Current GLEN:LN Stock Info

Rosneft sale relieves budget pressures

Russia has sold a 19.5% stake in Rosneft, the world’s largest-listed oil company and a state-controlled asset, for €10.5 billion ($11.3 billion) President Vladimir Putin announced on television with Rosneft CEO Igor Sechin. The stake was sold to a consortium made up of Swiss mining company and commodity trader Glencore (ticker: GLEN) and Qatar Investment Authority, itself Glencore’s largest shareholder.

The Russian government will retain a controlling stake in the company, which is also partly owned by U.K. oil major BP (ticker: BP).

The deal could ease concerns about budget funding through the next Russian presidential elections in spring 2018, Senior Partner at Macro Advisory Chris Weafer told The Wall Street Journal. Russia had been discussing a stake sale in Rosneft for some time as the country looks to privatize the oil and gas sector, but had its hand forced by low oil prices and a two-year recession.

Russia has looked to China for most of its financing since the implementation of sanctions from the West following Russia’s involvement in the annexation of Crimea from Ukraine. Chinese and Indian state-owned energy companies were seen by analysts as the likely buyers for the Rosneft stake, making the sale to Glencore something of a surprise.

“It’s diversification in political relationships and investment,” Weafer said. “It shows that there is more than one buyer in town and that Russia doesn’t have to just sell cheaply to China or India.”

Glencore on a different page

Despite Putin’s assurance that the deal was complete, Glencore’s press release indicated the company was in “final-stage negotiations.”

Glencore said in its statement that it would commit €300 million in equity, with the rest coming from the Qatar Investment Authority and bank financing. The structure of the deal is designed to limit the company’s exposure to Rosneft, it said in the press release. Other than a 0.54% indirect equity interest in the company, Glencore will “not have any economic exposure to its interest in the shares.”
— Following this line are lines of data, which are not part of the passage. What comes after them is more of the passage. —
(* Fix an integer $j\ge 0$. Define a function $\mathrm{suc}$ on triples of integers with $z\ge1$ recursively by \[\mathrm{suc}(x,y,1)=\{(2,y{+}1,1),(3,y{+}1,1),\ldots,(x{+}1,y{+}1,1)\}\cup\{(x,x{+}1,1),(x,x{+}2,1),\ldots,(x,y,1)\}\] (the second set being empty if $y\le x$), and for $z\geq 2$, \[\mathrm{suc}(x,y,z)=\{(2,y{+}1,z),(3,y{+}1,z),\ldots,(x{+}1,y{+}1,z)\}\cup \mathrm{suc}(x,y,z{-}1).\] Let $T$ be the rooted labeled tree whose root has label $(j{+}1,j{+}1,j{+}1)$ and in which a vertex with label $L$ has exactly one child with label $L'$ for each $L'\in \mathrm{suc}(L)$. Then $T$ is isomorphic as a rooted tree to $BT^j(1234)$.
   Context: $B_n$ is the group of permutations $w$ of $\{-n,\ldots,-1,1,\ldots,n\}$ with $w(-i)=-w(i)$; such $w$ is determined by $[w(-n),w(-n+1),\ldots,w(-1)]$. $w$ avoids $1234$ if there are no indices $-n\le a<b<c<d\le n$ (nonzero) with $w(a)<w(b)<w(c)<w(d)$. $B_n^j(1234)$ is the set of $1234$-avoiding $w\in B_n$ with $w(i)>0$ for exactly $j$ indices $i\in\{1,\ldots,n\}$. For $\ell\ge1$ let $\beta_\ell(x)=x$ if $|x|<\ell$, $\beta_\ell(x)=x-1$ if $x<-\ell$, $\beta_\ell(x)=x+1$ if $x>\ell$. For $w\in B_n$, $1\le i\le n+1$ and $1\le \ell\le n+1$, let $w^{-i}_\ell\in B_{n+1}$ be defined by $w^{-i}_\ell(-k)=\beta_\ell(w(-k+1))$ for $i+1\le k\le n+1$, $w^{-i}_\ell(-i)=\ell$, $w^{-i}_\ell(-k)=\beta_\ell(w(-k))$ for $1\le k\le i-1$, extended by $w^{-i}_\ell(k)=-w^{-i}_\ell(-k)$. The tree $BT^j(1234)$ is the rooted tree whose vertices are signed permutations, with root the element $[-1,-2,\ldots,-j]$ of $B_j$ (i.e. $w(-k)=-(j+1-k)$ for $1\le k\le j$), and in which the children of a vertex $w\in B_n^j(1234)$ are all $w^{-i}_\ell$ with $1\le i\le n+1$ and $m<\ell\le n+1$ that avoid $1234$, where $m=\max(\{w(-k):1\le k\le n\}\cup\{0\})$. *)

theory Defs
  imports Main
begin

text \<open>Vertices are the root-paths [r, v1, ..., vk] with v(i+1) a child label of v(i);
  a vertex with label L has exactly one child for each element of the children set of L.\<close>

definition gen_tree :: "'a \<Rightarrow> ('a \<Rightarrow> 'a set) \<Rightarrow> 'a list set" where
  "gen_tree r C = {p. p \<noteq> [] \<and> hd p = r \<and> (\<forall>i. Suc i < length p \<longrightarrow> p ! Suc i \<in> C (p ! i))}"
(* 0 < k is needed: eps_0 is a junk value (k - 1 truncates to 0) that reads the samples of
   iteration 0. *)
lemma mdvi_eps_cong:
  assumes "0 < k" and "\<And>j m y b. j < k \<Longrightarrow> m < M \<Longrightarrow> \<omega> (j, m, y, b) = \<omega>' (j, m, y, b)"
  shows "mdvi_eps \<alpha> \<gamma> P r M \<omega> k x a = mdvi_eps \<alpha> \<gamma> P r M \<omega>' k x a"
proof -
  have "mdvi_v \<alpha> \<gamma> r M \<omega> (k - 1) = mdvi_v \<alpha> \<gamma> r M \<omega>' (k - 1)"
    using assms by (intro mdvi_v_cong) auto
  moreover have "hatP M \<omega> (k - 1) f x a = hatP M \<omega>' (k - 1) f x a" for f
    unfolding hatP_def using assms by (intro arg_cong[where f="\<lambda>t. _ * t"] sum.cong) auto
  ultimately show ?thesis
    unfolding mdvi_eps_def by simp
qed

lemma expP_eq_expectation: "expP P h x a = measure_pmf.expectation (P x a) h"
  unfolding expP_def by (subst integral_measure_pmf_real[where A = UNIV]) (auto simp: mult.commute)

lemma mdvi_eps_Suc_eq:
  assumes "0 < M"
  shows "mdvi_eps \<alpha> \<gamma> P r M \<omega> (Suc n) x a =
    \<gamma> / real M * (\<Sum>m<M. mdvi_v \<alpha> \<gamma> r M \<omega> n (\<omega> (n, m, x, a))
                          - measure_pmf.expectation (P x a) (mdvi_v \<alpha> \<gamma> r M \<omega> n))"
  using assms by (simp add: mdvi_eps_def hatP_def expP_eq_expectation sum_subtractf field_simps)

lemma Hoeffdings_lemma_pmf:
  fixes q :: "'b pmf" and h :: "'b \<Rightarrow> real"
  assumes h: "\<And>y. \<bar>h y\<bar> \<le> H"
  shows "(\<integral>\<^sup>+y. exp (c * (h y - measure_pmf.expectation q h)) \<partial>q) \<le> exp (c\<^sup>2 * H\<^sup>2 / 2)"
proof (cases "c = 0")
  case True
  then show ?thesis
    by (simp add: measure_pmf.emeasure_space_1)
next
  case False
  define g where "g y = sgn c * h y" for y
  have "\<bar>g y\<bar> \<le> H" for y
    using h[of y] False by (simp add: g_def abs_mult abs_sgn_eq)
  then have "g y \<in> {-H..H}" for y
    by (metis abs_le_iff atLeastAtMost_iff minus_le_iff)
  then interpret interval_bounded_random_variable "measure_pmf q" g "-H" H
    by unfold_locales simp_all
  have shift: "c * (h y - measure_pmf.expectation q h) = \<bar>c\<bar> * (g y - measure_pmf.expectation q g)" for y
  proof -
    have E: "measure_pmf.expectation q g = sgn c * measure_pmf.expectation q h"
      unfolding g_def by (rule integral_mult_right_zero)
    have "c * (h y - measure_pmf.expectation q h) = \<bar>c\<bar> * (sgn c * (h y - measure_pmf.expectation q h))"
      by (simp add: abs_mult_sgn flip: mult.assoc)
    also have "\<dots> = \<bar>c\<bar> * (g y - measure_pmf.expectation q g)"
      by (simp only: E g_def right_diff_distrib)
    finally show ?thesis .
  qed
  then have "(\<integral>\<^sup>+y. exp (c * (h y - measure_pmf.expectation q h)) \<partial>q)
      = (\<integral>\<^sup>+y. exp (\<bar>c\<bar> * (g y - measure_pmf.expectation q g)) \<partial>q)"
    by simp
  also have "\<dots> \<le> exp (\<bar>c\<bar>\<^sup>2 * (H - - H)\<^sup>2 / 8)"
    by (rule Hoeffdings_lemma_nn_integral) (use False in simp)
  also have "\<bar>c\<bar>\<^sup>2 * (H - - H)\<^sup>2 / 8 = c\<^sup>2 * H\<^sup>2 / 2"
    by (simp add: power2_eq_square)
  finally show ?thesis .
qed

lemma nn_integral_Pi_pmf_exp_sum_le:
  fixes p :: "'i \<Rightarrow> 'b pmf" and h :: "'b \<Rightarrow> real"
  assumes "finite B" "J \<subseteq> B" and h: "\<And>y. \<bar>h y\<bar> \<le> H"
  shows "(\<integral>\<^sup>+g. exp (c * (\<Sum>i\<in>J. h (g i) - measure_pmf.expectation (p i) h)) \<partial>Pi_pmf B d p)
           \<le> exp (real (card J) * (c\<^sup>2 * H\<^sup>2 / 2))"
proof -
  define F where "F i y = (if i \<in> J then ennreal (exp (c * (h y - measure_pmf.expectation (p i) h))) else 1)"
    for i y
  have "finite J"
    using assms(1,2) by (rule finite_subset[rotated])
  have factor: "(\<Prod>i\<in>B. F i (g i)) = ennreal (exp (c * (\<Sum>i\<in>J. h (g i) - measure_pmf.expectation (p i) h)))"
    for g
  proof -
    have "(\<Prod>i\<in>B. F i (g i)) = (\<Prod>i\<in>J. ennreal (exp (c * (h (g i) - measure_pmf.expectation (p i) h))))"
      unfolding F_def using assms(1,2) by (simp add: prod.If_cases Int_absorb1)
    also have "\<dots> = ennreal (\<Prod>i\<in>J. exp (c * (h (g i) - measure_pmf.expectation (p i) h)))"
      by (rule prod_ennreal) simp
    also have "(\<Prod>i\<in>J. exp (c * (h (g i) - measure_pmf.expectation (p i) h)))
        = exp (c * (\<Sum>i\<in>J. h (g i) - measure_pmf.expectation (p i) h))"
      using \<open>finite J\<close> by (simp add: exp_sum sum_distrib_left)
    finally show ?thesis .
  qed
  have "(\<integral>\<^sup>+g. exp (c * (\<Sum>i\<in>J. h (g i) - measure_pmf.expectation (p i) h)) \<partial>Pi_pmf B d p)
      = (\<Prod>i\<in>B. \<integral>\<^sup>+y. F i y \<partial>p i)"
    unfolding factor[symmetric] by (rule nn_integral_prod_Pi_pmf) fact
  also have "\<dots> \<le> (\<Prod>i\<in>B. if i \<in> J then ennreal (exp (c\<^sup>2 * H\<^sup>2 / 2)) else 1)"
    by (intro prod_mono_ennreal)
       (simp add: F_def Hoeffdings_lemma_pmf h measure_pmf.emeasure_space_1)
  also have "\<dots> = ennreal (exp (c\<^sup>2 * H\<^sup>2 / 2)) ^ card J"
    using assms(1,2) by (simp add: prod.If_cases Int_absorb1)
  also have "\<dots> = ennreal (exp (c\<^sup>2 * H\<^sup>2 / 2) ^ card J)"
    by (simp add: ennreal_power)
  also have "exp (c\<^sup>2 * H\<^sup>2 / 2) ^ card J = exp (real (card J) * (c\<^sup>2 * H\<^sup>2 / 2))"
    by (rule exp_of_nat_mult[symmetric])
  finally show ?thesis .
qed

(* Azuma's argument for a product of pmfs revealed block by block: D n are the coordinates
   revealed after n steps, B n the next block, and Y j depends on D j only. *)
lemma nn_integral_Pi_pmf_exp_sum_adapted_le:
  fixes D B :: "nat \<Rightarrow> 'i set" and Y :: "nat \<Rightarrow> ('i \<Rightarrow> 'b) \<Rightarrow> real" and p :: "'i \<Rightarrow> 'b pmf"
    and V :: "nat \<Rightarrow> real"
  assumes D_Suc: "\<And>n. D (Suc n) = D n \<union> B n" and disjoint: "\<And>n. D n \<inter> B n = {}"
    and finite: "\<And>n. finite (D n)"
    and adapted: "\<And>j \<omega> \<omega>'. 0 < j \<Longrightarrow> (\<And>i. i \<in> D j \<Longrightarrow> \<omega> i = \<omega>' i) \<Longrightarrow> Y j \<omega> = Y j \<omega>'"
    and cond_mgf: "\<And>n f. (\<integral>\<^sup>+g. exp (Y (Suc n) (\<lambda>i. if i \<in> D n then f i else g i)) \<partial>Pi_pmf (B n) d p)
                           \<le> exp (V (Suc n))"
  shows "(\<integral>\<^sup>+\<omega>. exp (\<Sum>j\<in>{1..n}. Y j \<omega>) \<partial>Pi_pmf (D n) d p) \<le> exp (\<Sum>j\<in>{1..n}. V j)"
proof (induction n)
  case 0
  then show ?case
    by (simp add: measure_pmf.emeasure_space_1)
next
  case (Suc n)
  define merge where "merge f g = (\<lambda>i. if i \<in> D n then f i else g i)" for f g :: "'i \<Rightarrow> 'b"
  have finite_B: "finite (B n)"
    using finite[of "Suc n"] D_Suc by simp
  have "D j \<subseteq> D n" if "j \<le> n" for j
    using lift_Suc_mono_le[of D, OF _ that] D_Suc by blast
  then have past: "Y j (merge f g) = Y j f" if "j \<in> {1..n}" for j f g
    using that by (intro adapted) (auto simp: merge_def)
  have "(\<integral>\<^sup>+\<omega>. exp (\<Sum>j\<in>{1..Suc n}. Y j \<omega>) \<partial>Pi_pmf (D (Suc n)) d p)
      = (\<integral>\<^sup>+f. \<integral>\<^sup>+g. exp (\<Sum>j\<in>{1..Suc n}. Y j (merge f g)) \<partial>Pi_pmf (B n) d p \<partial>Pi_pmf (D n) d p)"
    unfolding D_Suc Pi_pmf_union[OF finite finite_B disjoint] merge_def
      nn_integral_map_pmf nn_integral_pair_pmf' case_prod_conv ..
  also have "\<dots> = (\<integral>\<^sup>+f. ennreal (exp (\<Sum>j\<in>{1..n}. Y j f))
                    * (\<integral>\<^sup>+g. exp (Y (Suc n) (merge f g)) \<partial>Pi_pmf (B n) d p) \<partial>Pi_pmf (D n) d p)"
    by (simp add: sum.cl_ivl_Suc past exp_add ennreal_mult nn_integral_cmult)
  also have "\<dots> \<le> (\<integral>\<^sup>+f. ennreal (exp (\<Sum>j\<in>{1..n}. Y j f)) * ennreal (exp (V (Suc n))) \<partial>Pi_pmf (D n) d p)"
    by (intro nn_integral_mono mult_left_mono) (simp_all add: merge_def cond_mgf)
  also have "\<dots> = (\<integral>\<^sup>+f. exp (\<Sum>j\<in>{1..n}. Y j f) \<partial>Pi_pmf (D n) d p) * ennreal (exp (V (Suc n)))"
    by (simp add: nn_integral_multc)
  also have "\<dots> \<le> ennreal (exp (\<Sum>j\<in>{1..n}. V j)) * ennreal (exp (V (Suc n)))"
    by (intro mult_right_mono Suc.IH) simp
  also have "\<dots> = exp (\<Sum>j\<in>{1..Suc n}. V j)"
    by (simp add: sum.cl_ivl_Suc exp_add ennreal_mult)
  finally show ?case .
qed

lemma mdvi_eps_Suc_cond_mgf_le:
  fixes P :: "'x::finite \<Rightarrow> 'a::finite \<Rightarrow> 'x pmf" and r :: "'x \<Rightarrow> 'a \<Rightarrow> real" and k :: nat
  assumes "0 \<le> \<gamma>" "\<gamma> < 1" "\<And>x a. \<bar>r x a\<bar> \<le> 1" "0 \<le> \<alpha>" "0 < M"
  defines "D \<equiv> {..<k} \<times> {..<M} \<times> (UNIV :: 'x set) \<times> (UNIV :: 'a set)"
  shows "(\<integral>\<^sup>+g. exp (c * mdvi_eps \<alpha> \<gamma> P r M (\<lambda>i. if i \<in> D then f i else g i) (Suc k) x a)
            \<partial>Pi_pmf ({k} \<times> {..<M} \<times> UNIV \<times> UNIV) undefined (\<lambda>(j, m, y, b). P y b))
         \<le> exp ((c * \<gamma> / (1 - \<gamma>))\<^sup>2 / (2 * real M))"
proof -
  define H where "H = 1 / (1 - \<gamma>)"
  define h where "h = mdvi_v \<alpha> \<gamma> r M f k"
  define J where "J = (\<lambda>m. (k, m, x, a)) ` {..<M}"
  define p where "p = (\<lambda>(j::nat, m::nat, y::'x, b::'a). P y b)"
  have inj: "inj_on (\<lambda>m. (k, m, x, a)) {..<M}"
    by (auto simp: inj_on_def)
  have "c * mdvi_eps \<alpha> \<gamma> P r M (\<lambda>i. if i \<in> D then f i else g i) (Suc k) x a
      = c * \<gamma> / real M * (\<Sum>i\<in>J. h (g i) - measure_pmf.expectation (p i) h)" for g
  proof -
    have "mdvi_v \<alpha> \<gamma> r M (\<lambda>i. if i \<in> D then f i else g i) k = h"
      unfolding h_def by (rule mdvi_v_cong) (simp add: D_def)
    then show ?thesis
      using \<open>0 < M\<close> by (simp add: J_def mdvi_eps_Suc_eq sum.reindex[OF inj] D_def p_def)
  qed
  then have "(\<integral>\<^sup>+g. exp (c * mdvi_eps \<alpha> \<gamma> P r M (\<lambda>i. if i \<in> D then f i else g i) (Suc k) x a)
        \<partial>Pi_pmf ({k} \<times> {..<M} \<times> UNIV \<times> UNIV) undefined p)
      = (\<integral>\<^sup>+g. exp (c * \<gamma> / real M * (\<Sum>i\<in>J. h (g i) - measure_pmf.expectation (p i) h))
        \<partial>Pi_pmf ({k} \<times> {..<M} \<times> UNIV \<times> UNIV) undefined p)"
    by simp
  also have "\<dots> \<le> exp (real (card J) * ((c * \<gamma> / real M)\<^sup>2 * H\<^sup>2 / 2))"
    by (rule nn_integral_Pi_pmf_exp_sum_le) (auto simp: J_def h_def H_def intro: abs_mdvi_v_le assms(1-4))
  also have "real (card J) * ((c * \<gamma> / real M)\<^sup>2 * H\<^sup>2 / 2) = (c * \<gamma> * H)\<^sup>2 / (2 * real M)"
    using \<open>0 < M\<close> by (simp add: card_image[OF inj] J_def power2_eq_square field_simps)
  finally show ?thesis
    by (simp add: p_def H_def)
qed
“Limited liability structure fully ring-fenced and non-recourse to Glencore apart from its €300 million equity contribution and the provision of certain guarantees, the risks of which would be fully indemnified by appropriate financial institutions,” Glencore said.

The U.S. is reviewing the deal to determine if it violates Western sanctions, according to Amos Hochstein, U.S. special envoy for international energy affairs.

“Clearly this is not what we were hoping for when we implemented sanctions,” he said in an interview on Bloomberg. “They are selling this partly because of the cash crunch, so you can look at it as the sanctions are actually working.”

The appears to be a positive sign for Glencore, which suspended its dividend and began focusing on selling assets to reduce debt last year following a plunge in the company’s stock price. The mining company said last week that it plans to reinstate its dividend next year.